#### Assigned task
Copy exactly the lines from the start of the data below through the one that carries "Z \<Longrightarrow> L x y \<le>", and only those.

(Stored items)
lemma HST_leaf_map_pseudo_ultrametric:
  assumes "is_HST \<beta> T" "\<beta> > 1" "\<forall>x\<in>Z. is_leaf T (\<alpha> x)"
  shows "pseudo_ultrametric_on Z (\<lambda>x y. lca_height T (\<alpha> x) (\<alpha> y))"
  using HST_lca_height_pseudo_ultrametric[OF assms(1,2)] by (rule pseudo_ultrametric_on_compose) (use assms(3) in auto)

lemma HST_leaf_map_dist:
  assumes "is_HST \<beta> T" "\<beta> > 1" "\<forall>x\<in>Z. is_leaf T (\<alpha> x)" "x \<in> Z" "y \<in> Z"
  shows "d_map T \<alpha> x y = \<beta> ^ lca_height T (\<alpha> x) (\<alpha> y) / \<beta>"
  using HST_dist_eq[OF assms(1,2)] assms(3-5) unfolding d_map_def by blast

section \<open>Realising a finite pseudo-ultrametric by a \<open>\<beta>\<close>-HST\<close>

locale level_tree =
  fixes Z :: "'a set" and L :: "'a \<Rightarrow> 'a \<Rightarrow> nat" and code :: "'a \<Rightarrow> nat"
  assumes finite_Z: "finite Z" and Z_nonempty: "Z \<noteq> {}"
    and pseudo_ultrametric: "pseudo_ultrametric_on Z L"
    and inj_code: "inj_on code Z"
begin

definition top_level :: nat where
  "top_level = Max (case_prod L ` (Z \<times> Z))"

text \<open>The ball \<open>{y \<in> Z. L x y \<le> k}\<close> is named by \<open>cluster k x\<close>, the least code of its points;
  \<open>node k x\<close> pairs this name with the level \<open>k\<close>, encoded as a single natural number.\<close>

definition cluster :: "nat \<Rightarrow> 'a \<Rightarrow> nat" where
  "cluster k x = (LEAST m. \<exists>y\<in>Z. code y = m \<and> L x y \<le> k)"

definition node :: "nat \<Rightarrow> 'a \<Rightarrow> nat" where
  "node k x = prod_encode (k, cluster k x)"

definition tree :: "real \<Rightarrow> nat hst" where
  "tree \<beta> =
     \<lparr>nodes = (\<lambda>(k, x). node k x) ` ({..top_level} \<times> Z),
      edges = (\<lambda>(k, x). (node k x, node (Suc k) x)) ` ({..<top_level} \<times> Z),
      root = node top_level (SOME x. x \<in> Z),
      eta = (\<lambda>v. \<beta> ^ fst (prod_decode v) / \<beta>)\<rparr>"

lemma L_le_top_level: "x \<in> Z \<Longrightarrow> y \<in> Z \<Longrightarrow> L x y \<le> top_level"
  unfolding top_level_def using finite_Z by (intro Max_ge) auto

lemma L_commute: "x \<in> Z \<Longrightarrow> y \<in> Z \<Longrightarrow> L x y = L y x"
  using pseudo_ultrametric unfolding pseudo_ultrametric_on_def by blast

lemma cluster_witness:
  assumes "x \<in> Z"
  obtains y where "y \<in> Z" "code y = cluster k x" "L x y \<le> k"
proof -
  have "\<exists>y\<in>Z. code y = code x \<and> L x y \<le> k"
    using assms pseudo_ultrametric unfolding pseudo_ultrametric_on_def by auto
  then have "\<exists>y\<in>Z. code y = cluster k x \<and> L x y \<le> k"
    unfolding cluster_def by (rule LeastI[where P = "\<lambda>m. \<exists>y\<in>Z. code y = m \<and> L x y \<le> k"])
  with that show ?thesis by blast
qed

lemma cluster_eq_iff:
  assumes "x \<in> Z" "y \<in> Z"
  shows "cluster k x = cluster k y \<longleftrightarrow> L x y \<le> k"
proof
  assume "L x y \<le> k"
  with assms have "L x z \<le> k \<longleftrightarrow> L y z \<le> k" if "z \<in> Z" for z
    using pseudo_ultrametric_on_le_trans[OF pseudo_ultrametric] L_commute that by metis
  then show "cluster k x = cluster k y"
    unfolding cluster_def by metis
next
  assume "cluster k x = cluster k y"
  moreover obtain z where "z \<in> Z" "code z = cluster k x" "L x z \<le> k"
    using cluster_witness[OF assms(1)] .
  moreover obtain z' where "z' \<in> Z" "code z' = cluster k y" "L y z' \<le> k"
    using cluster_witness[OF assms(2)] .
  ultimately have "z = z'"
    using inj_onD[OF inj_code] by metis
  with assms \<open>z \<in> Z\<close> \<open>L x z \<le> k\<close> \<open>L y z' \<le> k\<close> show "L x y \<le> k"
    using pseudo_ultrametric_on_le_trans[OF pseudo_ultrametric] L_commute by metis
qed

lemma node_eq_iff: "x \<in> Z \<Longrightarrow> y \<in> Z \<Longrightarrow> node k x = node k' y \<longleftrightarrow> k = k' \<and> L x y \<le> k"
  unfolding node_def using cluster_eq_iff by auto

lemma level_node [simp]: "fst (prod_decode (node k x)) = k"
  by (simp add: node_def)

lemma nodes_tree: "v \<in> nodes (tree \<beta>) \<longleftrightarrow> (\<exists>k x. k \<le> top_level \<and> x \<in> Z \<and> v = node k x)"
  unfolding tree_def by auto

lemma edges_tree:
  "(v, w) \<in> edges (tree \<beta>) \<longleftrightarrow> (\<exists>k x. k < top_level \<and> x \<in> Z \<and> v = node k x \<and> w = node (Suc k) x)"
  unfolding tree_def by auto

lemma root_tree: "x \<in> Z \<Longrightarrow> root (tree \<beta>) = node top_level x"
  unfolding tree_def using Z_nonempty node_eq_iff L_le_top_level by (simp add: some_in_eq)

lemma eta_tree: "eta (tree \<beta>) v = \<beta> ^ fst (prod_decode v) / \<beta>"
  unfolding tree_def by simp

lemma node_in_tree: "k \<le> top_level \<Longrightarrow> x \<in> Z \<Longrightarrow> node k x \<in> nodes (tree \<beta>)"
  unfolding nodes_tree by blast

lemma node_edge_tree: "k < top_level \<Longrightarrow> x \<in> Z \<Longrightarrow> (node k x, node (Suc k) x) \<in> edges (tree \<beta>)"
  unfolding edges_tree by blast

lemma tree_edge_from_node:
  assumes "x \<in> Z" "(node k x, w) \<in> edges (tree \<beta>)"
  shows "k < top_level \<and> w = node (Suc k) x"
proof -
  obtain k' y where "k' < top_level" "y \<in> Z" "node k x = node k' y" "w = node (Suc k') y"
    using assms(2) edges_tree by blast
  moreover from this assms(1) have "k = k'" "L x y \<le> k" using node_eq_iff by auto
  moreover from calculation assms(1) have "node (Suc k) x = node (Suc k') y"
    using node_eq_iff by simp
  ultimately show ?thesis by simp
qed

lemma single_valued_tree: "single_valued (edges (tree \<beta>))"
proof (rule single_valuedI)
  fix v w w' assume "(v, w) \<in> edges (tree \<beta>)" "(v, w') \<in> edges (tree \<beta>)"
  moreover from this obtain k x where "x \<in> Z" "v = node k x" unfolding edges_tree by blast
  ultimately show "w = w'" using tree_edge_from_node by blast
qed

lemma tree_relpow_from_leaf:
  assumes "x \<in> Z"
  shows "(node 0 x, w) \<in> edges (tree \<beta>) ^^ k \<longleftrightarrow> k \<le> top_level \<and> w = node k x"
proof (induction k arbitrary: w)
  case (Suc k)
  show ?case
  proof
    assume "(node 0 x, w) \<in> edges (tree \<beta>) ^^ Suc k"
    then obtain v where "(node 0 x, v) \<in> edges (tree \<beta>) ^^ k" "(v, w) \<in> edges (tree \<beta>)"
      by (rule relpow_Suc_E)
    with Suc.IH tree_edge_from_node[OF assms] show "Suc k \<le> top_level \<and> w = node (Suc k) x"
      by (simp add: Suc_le_eq)
  next
    assume "Suc k \<le> top_level \<and> w = node (Suc k) x"
    with Suc.IH assms have "(node 0 x, node k x) \<in> edges (tree \<beta>) ^^ k" "(node k x, w) \<in> edges (tree \<beta>)"
      by (simp_all add: node_edge_tree Suc_le_eq)
    then show "(node 0 x, w) \<in> edges (tree \<beta>) ^^ Suc k" by (rule relpow_Suc_I)
  qed
qed auto

lemma tree_reaches_root:
  assumes "v \<in> nodes (tree \<beta>)"
  shows "(v, root (tree \<beta>)) \<in> (edges (tree \<beta>))\<^sup>*"
proof -
  obtain k x where "k \<le> top_level" "x \<in> Z" "v = node k x"
    using assms nodes_tree by blast
  then have "(node 0 x, v) \<in> edges (tree \<beta>) ^^ k"
    "(node 0 x, root (tree \<beta>)) \<in> edges (tree \<beta>) ^^ top_level"
    using tree_relpow_from_leaf root_tree by simp_all
  with \<open>k \<le> top_level\<close> have "(v, root (tree \<beta>)) \<in> edges (tree \<beta>) ^^ (top_level - k)"
    using single_valued_relpow_factor[OF single_valued_tree] by blast
  then show ?thesis by (rule relpow_imp_rtrancl)
qed

lemma rooted_tree_tree: "rooted_tree (nodes (tree \<beta>)) (edges (tree \<beta>)) (root (tree \<beta>))"
  unfolding rooted_tree_def
proof (intro conjI ballI allI impI tree_reaches_root)
  obtain c where c: "c \<in> Z" using Z_nonempty by blast
  show "finite (nodes (tree \<beta>))" unfolding tree_def using finite_Z by simp
  show "root (tree \<beta>) \<in> nodes (tree \<beta>)" using c root_tree node_in_tree by simp
  show "edges (tree \<beta>) \<subseteq> nodes (tree \<beta>) \<times> nodes (tree \<beta>)"
  proof (rule subrelI)
    fix v w assume "(v, w) \<in> edges (tree \<beta>)"
    then obtain k x where "k < top_level" "x \<in> Z" "v = node k x" "w = node (Suc k) x"
      unfolding edges_tree by blast
    then show "(v, w) \<in> nodes (tree \<beta>) \<times> nodes (tree \<beta>)" by (simp add: node_in_tree)
  qed
  show "(root (tree \<beta>), w) \<notin> edges (tree \<beta>)" for w
    using tree_edge_from_node[OF c, of top_level w \<beta>] root_tree[OF c] by auto
  fix v assume v: "v \<in> nodes (tree \<beta>)" "v \<noteq> root (tree \<beta>)"
  then obtain k x where "k \<le> top_level" "x \<in> Z" "v = node k x"
    unfolding nodes_tree by blast
  moreover from calculation v(2) have "k < top_level"
    using root_tree le_neq_implies_less by metis
  ultimately show "\<exists>!w. (v, w) \<in> edges (tree \<beta>)"
    using node_edge_tree tree_edge_from_node by (metis ex1I)
qed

#### Completed exercise
lemma HST_leaf_map_pseudo_ultrametric:
  assumes "is_HST \<beta> T" "\<beta> > 1" "\<forall>x\<in>Z. is_leaf T (\<alpha> x)"
  shows "pseudo_ultrametric_on Z (\<lambda>x y. lca_height T (\<alpha> x) (\<alpha> y))"
  using HST_lca_height_pseudo_ultrametric[OF assms(1,2)] by (rule pseudo_ultrametric_on_compose) (use assms(3) in auto)

lemma HST_leaf_map_dist:
  assumes "is_HST \<beta> T" "\<beta> > 1" "\<forall>x\<in>Z. is_leaf T (\<alpha> x)" "x \<in> Z" "y \<in> Z"
  shows "d_map T \<alpha> x y = \<beta> ^ lca_height T (\<alpha> x) (\<alpha> y) / \<beta>"
  using HST_dist_eq[OF assms(1,2)] assms(3-5) unfolding d_map_def by blast

section \<open>Realising a finite pseudo-ultrametric by a \<open>\<beta>\<close>-HST\<close>

locale level_tree =
  fixes Z :: "'a set" and L :: "'a \<Rightarrow> 'a \<Rightarrow> nat" and code :: "'a \<Rightarrow> nat"
  assumes finite_Z: "finite Z" and Z_nonempty: "Z \<noteq> {}"
    and pseudo_ultrametric: "pseudo_ultrametric_on Z L"
    and inj_code: "inj_on code Z"
begin

definition top_level :: nat where
  "top_level = Max (case_prod L ` (Z \<times> Z))"

text \<open>The ball \<open>{y \<in> Z. L x y \<le> k}\<close> is named by \<open>cluster k x\<close>, the least code of its points;
  \<open>node k x\<close> pairs this name with the level \<open>k\<close>, encoded as a single natural number.\<close>

definition cluster :: "nat \<Rightarrow> 'a \<Rightarrow> nat" where
  "cluster k x = (LEAST m. \<exists>y\<in>Z. code y = m \<and> L x y \<le> k)"

definition node :: "nat \<Rightarrow> 'a \<Rightarrow> nat" where
  "node k x = prod_encode (k, cluster k x)"

definition tree :: "real \<Rightarrow> nat hst" where
  "tree \<beta> =
     \<lparr>nodes = (\<lambda>(k, x). node k x) ` ({..top_level} \<times> Z),
      edges = (\<lambda>(k, x). (node k x, node (Suc k) x)) ` ({..<top_level} \<times> Z),
      root = node top_level (SOME x. x \<in> Z),
      eta = (\<lambda>v. \<beta> ^ fst (prod_decode v) / \<beta>)\<rparr>"

lemma L_le_top_level: "x \<in> Z \<Longrightarrow> y \<in> Z \<Longrightarrow> L x y \<le> top_level"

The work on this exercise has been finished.